It's been two years since rumors of mad cows in Texas sank cattle futures at the Chicago Mercantile Exchange when a woman with Creutzfeldt-Jakob Disease (CJD), human mad cow disease, was admitted to an Amarillo hospital.
"The rumor was started, and it's totally unfounded, that there were cattle with BSE in Texas," Ted McCollum, beef cattle specialist with the Amarillo office of Texas AgriLife Extension, told the press.
Of course it's easy to see how the rumor got started that there were cattle with BSE in Texas since there were cattle with BSE in Texas.
In 2005, the first "home grown" mad cow was found on a Texas ranch whose identity authorities protected. A 12-year-old beef cow used for breeding, she was sent to Champion Pet Food in Waco when she became a downer. The ranch was quarantined while authorities searched for the animal's offspring and older animals.
Now there are two "mysterious" cases of CJD in McLennan county, Texas says the Waco Tribune-Herald --"a statistical anomaly considering that only one in 1 million people worldwide is affected by the condition in any given year."
The statistical abnormality is also visible on the Texas Department of State Health Services map on its web site. There have been 144 cases of CJD in Texas since 2000 and 44 of them appear in clusters.
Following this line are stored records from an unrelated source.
lemma sum_edges_sum_endpoints:
  fixes g :: "'a \<Rightarrow> real"
  assumes "simple_graph V E"
  shows "(\<Sum>e\<in>E. \<Sum>u\<in>e. g u) = (\<Sum>u\<in>V. real (degree E u) * g u)"
proof -
  have finV: "finite V" using assms by (simp add: simple_graph_def)
  have "(\<Sum>e\<in>E. \<Sum>u\<in>e. g u) = (\<Sum>e\<in>E. \<Sum>u\<in>{u\<in>V. u \<in> e}. g u)"
    using simple_graph_edge_subset[OF assms] by (intro sum.cong) auto
  also have "\<dots> = (\<Sum>u\<in>V. \<Sum>e\<in>{e\<in>E. u \<in> e}. g u)"
    by (rule sum.swap_restrict[OF simple_graph_finite_edges[OF assms] finV])
  also have "\<dots> = (\<Sum>u\<in>V. real (degree E u) * g u)"
    by (simp add: degree_def)
  finally show ?thesis .
qed

lemma M1_eq_sum_edges:
  assumes "simple_graph V E"
  shows "M1 V E = (\<Sum>e\<in>E. \<Sum>u\<in>e. real (degree E u))"
  unfolding M1_def sum_edges_sum_endpoints[OF assms] by (simp add: power2_eq_square)

lemma simple_graph_line_graph:
  assumes "simple_graph V E"
  shows "simple_graph E (line_graph_edges E)"
  using simple_graph_finite_edges[OF assms]
  unfolding simple_graph_def line_graph_edges_def by blast

lemma degree_line_graph:
  assumes "simple_graph V E" "{u, v} \<in> E" "u \<noteq> v"
  shows "degree (line_graph_edges E) {u, v} + 2 = degree E u + degree E v"
proof -
  define e where "e = {u, v}"
  define A where "A = {f\<in>E. u \<in> f}"
  define B where "B = {f\<in>E. v \<in> f}"
  have fin: "finite A" "finite B"
    using simple_graph_finite_edges[OF assms(1)] by (auto simp: A_def B_def)
  have "A \<inter> B = {e}"
  proof -
    have "f = e" if f: "f \<in> E" "u \<in> f" "v \<in> f" for f
    proof -
      obtain x y where "f = {x, y}" using simple_graph_edgeE[OF assms(1) f(1)] by metis
      then show ?thesis using f(2,3) assms(3) unfolding e_def by blast
    qed
    then show ?thesis using assms(2) unfolding A_def B_def e_def by blast
  qed
  have "{h \<in> line_graph_edges E. e \<in> h} = (\<lambda>f. {e, f}) ` (A \<union> B - {e})"
  proof (intro equalityI subsetI)
    fix h assume "h \<in> {h \<in> line_graph_edges E. e \<in> h}"
    then obtain f where "h = {e, f}" "f \<in> E" "f \<noteq> e" "f \<inter> e \<noteq> {}"
      unfolding line_graph_edges_def by (auto simp: insert_commute)
    then show "h \<in> (\<lambda>f. {e, f}) ` (A \<union> B - {e})"
      unfolding A_def B_def e_def by blast
  next
    fix h assume "h \<in> (\<lambda>f. {e, f}) ` (A \<union> B - {e})"
    then show "h \<in> {h \<in> line_graph_edges E. e \<in> h}"
      using assms(2) unfolding line_graph_edges_def A_def B_def e_def by blast
  qed
  moreover have "inj_on (\<lambda>f. {e, f}) (A \<union> B - {e})"
    by (auto simp: inj_on_def doubleton_eq_iff)
  ultimately have "degree (line_graph_edges E) e = card (A \<union> B - {e})"
    by (simp add: degree_def card_image)
  moreover have "card (A \<union> B - {e}) + 2 = card A + card B"
  proof -
    have "e \<in> A \<union> B" using \<open>A \<inter> B = {e}\<close> by blast
    then have "card (A \<union> B - {e}) + 1 = card (A \<union> B)"
      using fin card_Suc_Diff1[of "A \<union> B" e] by simp
    with card_Un_Int[OF fin] \<open>A \<inter> B = {e}\<close> show ?thesis by simp
  qed
  ultimately show ?thesis by (simp add: degree_def A_def B_def e_def)
qed

lemma M1_line_graph:
  assumes "simple_graph V E"
  shows "M1 E (line_graph_edges E) = 4 * real (card E) - 4 * M1 V E + 2 * M2 V E + forgotten V E"
proof -
  let ?d = "\<lambda>u. real (degree E u)"
  have deg_sq: "real (degree (line_graph_edges E) e)^2
      = (\<Sum>u\<in>e. ?d u ^ 2) + 2 * (\<Prod>u\<in>e. ?d u) - 4 * (\<Sum>u\<in>e. ?d u) + 4"
    if "e \<in> E" for e
  proof -
    obtain u v where e: "e = {u, v}" "u \<noteq> v"
      using simple_graph_edgeE[OF assms \<open>e \<in> E\<close>] by metis
    then have d_line: "real (degree (line_graph_edges E) e) = ?d u + ?d v - 2"
      using degree_line_graph[OF assms] \<open>e \<in> E\<close>
      by (metis add_diff_cancel_right' of_nat_add of_nat_numeral)
    show ?thesis unfolding d_line unfolding e(1) using e(2) by (simp add: power2_eq_square algebra_simps)
  qed
  have "M1 E (line_graph_edges E)
      = (\<Sum>e\<in>E. \<Sum>u\<in>e. ?d u ^ 2) + 2 * M2 V E - 4 * (\<Sum>e\<in>E. \<Sum>u\<in>e. ?d u)
        + 4 * real (card E)"
    by (simp add: M1_def M2_def deg_sq sum.distrib sum_subtractf sum_distrib_left)
  also have "(\<Sum>e\<in>E. \<Sum>u\<in>e. ?d u ^ 2) = forgotten V E"
    by (simp add: sum_edges_sum_endpoints[OF assms] forgotten_def power3_eq_cube power2_eq_square mult.assoc)
  finally show ?thesis by (simp add: M1_eq_sum_edges[OF assms])
qed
If CJD is caused for unknown reasons (sporadic) or is familial, it would not come in clusters.
It has been years since the San Francisco Chronicle reported that 11 restaurants in nine California counties served meat from the first US mad cow, imported from Canada in 2003. A subsequent audit of US slaughterhouses to win back Asian exports which were lost over the cow, found 29 more downers slipped into the food supply because some inspectors "did not believe that they had the authority" to go into their pens. But then Secretary Johanns assured the press the cattle were healthy when they arrived at the slaughterhouse but became suddenly unable to walk for one reason or another.